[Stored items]

************

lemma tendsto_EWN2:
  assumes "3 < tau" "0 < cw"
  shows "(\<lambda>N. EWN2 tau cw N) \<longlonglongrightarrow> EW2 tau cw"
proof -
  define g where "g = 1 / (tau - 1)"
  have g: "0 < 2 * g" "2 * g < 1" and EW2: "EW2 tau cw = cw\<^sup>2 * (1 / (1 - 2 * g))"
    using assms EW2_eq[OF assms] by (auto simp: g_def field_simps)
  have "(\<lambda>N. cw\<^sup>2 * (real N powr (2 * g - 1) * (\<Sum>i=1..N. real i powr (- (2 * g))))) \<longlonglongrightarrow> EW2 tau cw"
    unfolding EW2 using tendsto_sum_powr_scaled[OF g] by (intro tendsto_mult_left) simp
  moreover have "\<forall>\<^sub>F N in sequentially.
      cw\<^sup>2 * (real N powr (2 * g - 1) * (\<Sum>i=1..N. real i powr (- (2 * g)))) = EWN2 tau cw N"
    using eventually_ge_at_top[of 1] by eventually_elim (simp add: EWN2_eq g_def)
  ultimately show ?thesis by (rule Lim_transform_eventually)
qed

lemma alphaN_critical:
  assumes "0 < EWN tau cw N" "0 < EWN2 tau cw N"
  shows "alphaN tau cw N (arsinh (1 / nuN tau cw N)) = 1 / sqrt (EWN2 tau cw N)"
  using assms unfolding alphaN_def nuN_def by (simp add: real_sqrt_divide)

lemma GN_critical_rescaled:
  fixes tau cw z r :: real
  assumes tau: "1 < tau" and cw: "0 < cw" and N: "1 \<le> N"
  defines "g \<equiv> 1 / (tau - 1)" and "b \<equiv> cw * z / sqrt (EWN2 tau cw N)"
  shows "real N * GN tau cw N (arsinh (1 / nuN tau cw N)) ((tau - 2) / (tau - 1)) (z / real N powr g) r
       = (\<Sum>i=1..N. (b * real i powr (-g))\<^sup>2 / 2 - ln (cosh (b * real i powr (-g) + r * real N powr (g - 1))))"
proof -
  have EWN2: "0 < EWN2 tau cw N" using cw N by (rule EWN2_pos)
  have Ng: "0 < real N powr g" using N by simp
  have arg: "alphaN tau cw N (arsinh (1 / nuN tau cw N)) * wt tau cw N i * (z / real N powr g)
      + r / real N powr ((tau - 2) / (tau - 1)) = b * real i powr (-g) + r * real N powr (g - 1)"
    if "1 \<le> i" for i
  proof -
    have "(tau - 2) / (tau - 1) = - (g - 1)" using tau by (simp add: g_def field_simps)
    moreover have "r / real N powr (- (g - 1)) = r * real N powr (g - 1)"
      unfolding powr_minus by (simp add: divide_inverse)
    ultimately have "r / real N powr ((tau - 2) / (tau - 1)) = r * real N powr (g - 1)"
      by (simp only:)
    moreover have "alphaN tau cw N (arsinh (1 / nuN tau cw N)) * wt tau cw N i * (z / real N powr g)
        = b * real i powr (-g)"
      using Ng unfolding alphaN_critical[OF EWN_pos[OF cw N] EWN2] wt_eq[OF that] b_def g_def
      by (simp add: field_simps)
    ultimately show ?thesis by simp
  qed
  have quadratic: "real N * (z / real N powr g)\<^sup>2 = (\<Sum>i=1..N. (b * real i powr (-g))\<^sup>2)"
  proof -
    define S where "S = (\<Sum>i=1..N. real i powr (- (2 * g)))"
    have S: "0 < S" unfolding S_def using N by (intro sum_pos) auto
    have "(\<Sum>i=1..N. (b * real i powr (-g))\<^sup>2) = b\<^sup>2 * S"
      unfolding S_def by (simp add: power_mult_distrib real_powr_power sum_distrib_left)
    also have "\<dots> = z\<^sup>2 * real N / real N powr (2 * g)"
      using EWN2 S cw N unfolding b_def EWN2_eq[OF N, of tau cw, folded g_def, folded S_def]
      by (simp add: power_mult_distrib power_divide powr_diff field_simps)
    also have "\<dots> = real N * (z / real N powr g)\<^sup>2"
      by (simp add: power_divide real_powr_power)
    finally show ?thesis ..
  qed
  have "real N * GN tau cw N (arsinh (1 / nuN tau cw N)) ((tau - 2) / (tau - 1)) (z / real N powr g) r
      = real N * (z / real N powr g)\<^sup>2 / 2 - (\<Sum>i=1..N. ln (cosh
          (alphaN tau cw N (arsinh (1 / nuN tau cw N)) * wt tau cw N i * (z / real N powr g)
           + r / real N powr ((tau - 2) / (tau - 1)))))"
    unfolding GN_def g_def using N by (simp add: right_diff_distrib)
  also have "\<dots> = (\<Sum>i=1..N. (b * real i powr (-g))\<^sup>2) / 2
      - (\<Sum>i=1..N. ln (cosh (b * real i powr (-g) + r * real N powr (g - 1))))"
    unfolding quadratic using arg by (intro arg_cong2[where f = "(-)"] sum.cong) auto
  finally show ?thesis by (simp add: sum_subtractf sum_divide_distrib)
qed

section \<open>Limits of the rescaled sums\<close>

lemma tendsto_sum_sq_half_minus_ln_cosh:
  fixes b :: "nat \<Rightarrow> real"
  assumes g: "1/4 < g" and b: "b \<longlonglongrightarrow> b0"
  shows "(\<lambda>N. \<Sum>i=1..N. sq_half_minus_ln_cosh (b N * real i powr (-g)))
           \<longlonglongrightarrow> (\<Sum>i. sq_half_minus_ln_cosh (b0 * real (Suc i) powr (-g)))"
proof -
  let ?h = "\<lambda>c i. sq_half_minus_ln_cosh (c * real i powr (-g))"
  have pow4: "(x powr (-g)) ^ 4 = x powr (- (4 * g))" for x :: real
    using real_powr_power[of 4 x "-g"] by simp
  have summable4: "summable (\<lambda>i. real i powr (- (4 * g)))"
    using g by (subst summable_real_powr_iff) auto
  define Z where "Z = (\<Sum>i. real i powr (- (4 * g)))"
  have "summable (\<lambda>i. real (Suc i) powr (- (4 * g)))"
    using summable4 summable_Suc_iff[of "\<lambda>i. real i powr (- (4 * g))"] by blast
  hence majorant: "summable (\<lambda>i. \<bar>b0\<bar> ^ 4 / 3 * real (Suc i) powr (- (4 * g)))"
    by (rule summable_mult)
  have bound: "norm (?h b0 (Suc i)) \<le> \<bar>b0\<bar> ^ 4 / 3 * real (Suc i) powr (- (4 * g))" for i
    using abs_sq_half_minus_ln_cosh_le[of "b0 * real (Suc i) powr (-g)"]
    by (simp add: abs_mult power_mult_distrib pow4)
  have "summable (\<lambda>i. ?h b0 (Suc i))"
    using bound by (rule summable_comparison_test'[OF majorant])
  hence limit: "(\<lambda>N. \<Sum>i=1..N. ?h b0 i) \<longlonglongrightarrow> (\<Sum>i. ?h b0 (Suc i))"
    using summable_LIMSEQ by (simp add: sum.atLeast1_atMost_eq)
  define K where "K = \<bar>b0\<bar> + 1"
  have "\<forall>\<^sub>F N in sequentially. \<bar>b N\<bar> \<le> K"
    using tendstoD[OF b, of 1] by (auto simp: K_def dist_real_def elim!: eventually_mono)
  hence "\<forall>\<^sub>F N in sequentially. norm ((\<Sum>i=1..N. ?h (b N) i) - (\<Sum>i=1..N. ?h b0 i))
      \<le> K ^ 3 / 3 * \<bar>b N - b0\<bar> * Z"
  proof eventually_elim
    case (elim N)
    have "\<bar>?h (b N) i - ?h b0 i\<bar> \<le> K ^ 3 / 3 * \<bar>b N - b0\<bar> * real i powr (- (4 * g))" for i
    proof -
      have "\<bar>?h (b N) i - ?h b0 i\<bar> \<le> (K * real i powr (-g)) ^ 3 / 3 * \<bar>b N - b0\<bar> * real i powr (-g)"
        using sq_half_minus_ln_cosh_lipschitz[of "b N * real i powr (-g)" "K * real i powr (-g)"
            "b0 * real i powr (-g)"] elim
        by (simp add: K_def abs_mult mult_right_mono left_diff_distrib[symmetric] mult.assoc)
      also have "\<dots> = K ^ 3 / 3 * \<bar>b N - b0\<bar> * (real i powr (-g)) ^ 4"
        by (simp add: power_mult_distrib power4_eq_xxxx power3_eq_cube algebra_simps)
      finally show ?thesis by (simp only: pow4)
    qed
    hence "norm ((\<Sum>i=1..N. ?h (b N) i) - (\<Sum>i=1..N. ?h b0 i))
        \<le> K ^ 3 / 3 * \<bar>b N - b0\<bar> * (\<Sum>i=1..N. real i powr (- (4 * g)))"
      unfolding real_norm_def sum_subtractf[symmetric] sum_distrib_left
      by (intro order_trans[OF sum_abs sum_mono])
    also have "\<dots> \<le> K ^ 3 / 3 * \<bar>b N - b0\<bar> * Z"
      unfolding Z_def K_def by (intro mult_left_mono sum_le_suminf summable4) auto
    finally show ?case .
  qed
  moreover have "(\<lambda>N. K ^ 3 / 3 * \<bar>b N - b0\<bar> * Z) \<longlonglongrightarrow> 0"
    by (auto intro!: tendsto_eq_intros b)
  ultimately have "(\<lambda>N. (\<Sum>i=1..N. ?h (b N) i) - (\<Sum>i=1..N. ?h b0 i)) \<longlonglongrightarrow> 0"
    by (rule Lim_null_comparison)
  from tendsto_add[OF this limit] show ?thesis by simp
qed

************

### Task
Quote the records above from their first line through the line containing "1 / sqrt (EWN2", both ends included.

### Solution to the problem
lemma tendsto_EWN2:
  assumes "3 < tau" "0 < cw"
  shows "(\<lambda>N. EWN2 tau cw N) \<longlonglongrightarrow> EW2 tau cw"
proof -
  define g where "g = 1 / (tau - 1)"
  have g: "0 < 2 * g" "2 * g < 1" and EW2: "EW2 tau cw = cw\<^sup>2 * (1 / (1 - 2 * g))"
    using assms EW2_eq[OF assms] by (auto simp: g_def field_simps)
  have "(\<lambda>N. cw\<^sup>2 * (real N powr (2 * g - 1) * (\<Sum>i=1..N. real i powr (- (2 * g))))) \<longlonglongrightarrow> EW2 tau cw"
    unfolding EW2 using tendsto_sum_powr_scaled[OF g] by (intro tendsto_mult_left) simp
  moreover have "\<forall>\<^sub>F N in sequentially.
      cw\<^sup>2 * (real N powr (2 * g - 1) * (\<Sum>i=1..N. real i powr (- (2 * g)))) = EWN2 tau cw N"
    using eventually_ge_at_top[of 1] by eventually_elim (simp add: EWN2_eq g_def)
  ultimately show ?thesis by (rule Lim_transform_eventually)
qed

lemma alphaN_critical:
  assumes "0 < EWN tau cw N" "0 < EWN2 tau cw N"
  shows "alphaN tau cw N (arsinh (1 / nuN tau cw N)) = 1 / sqrt (EWN2 tau cw N)"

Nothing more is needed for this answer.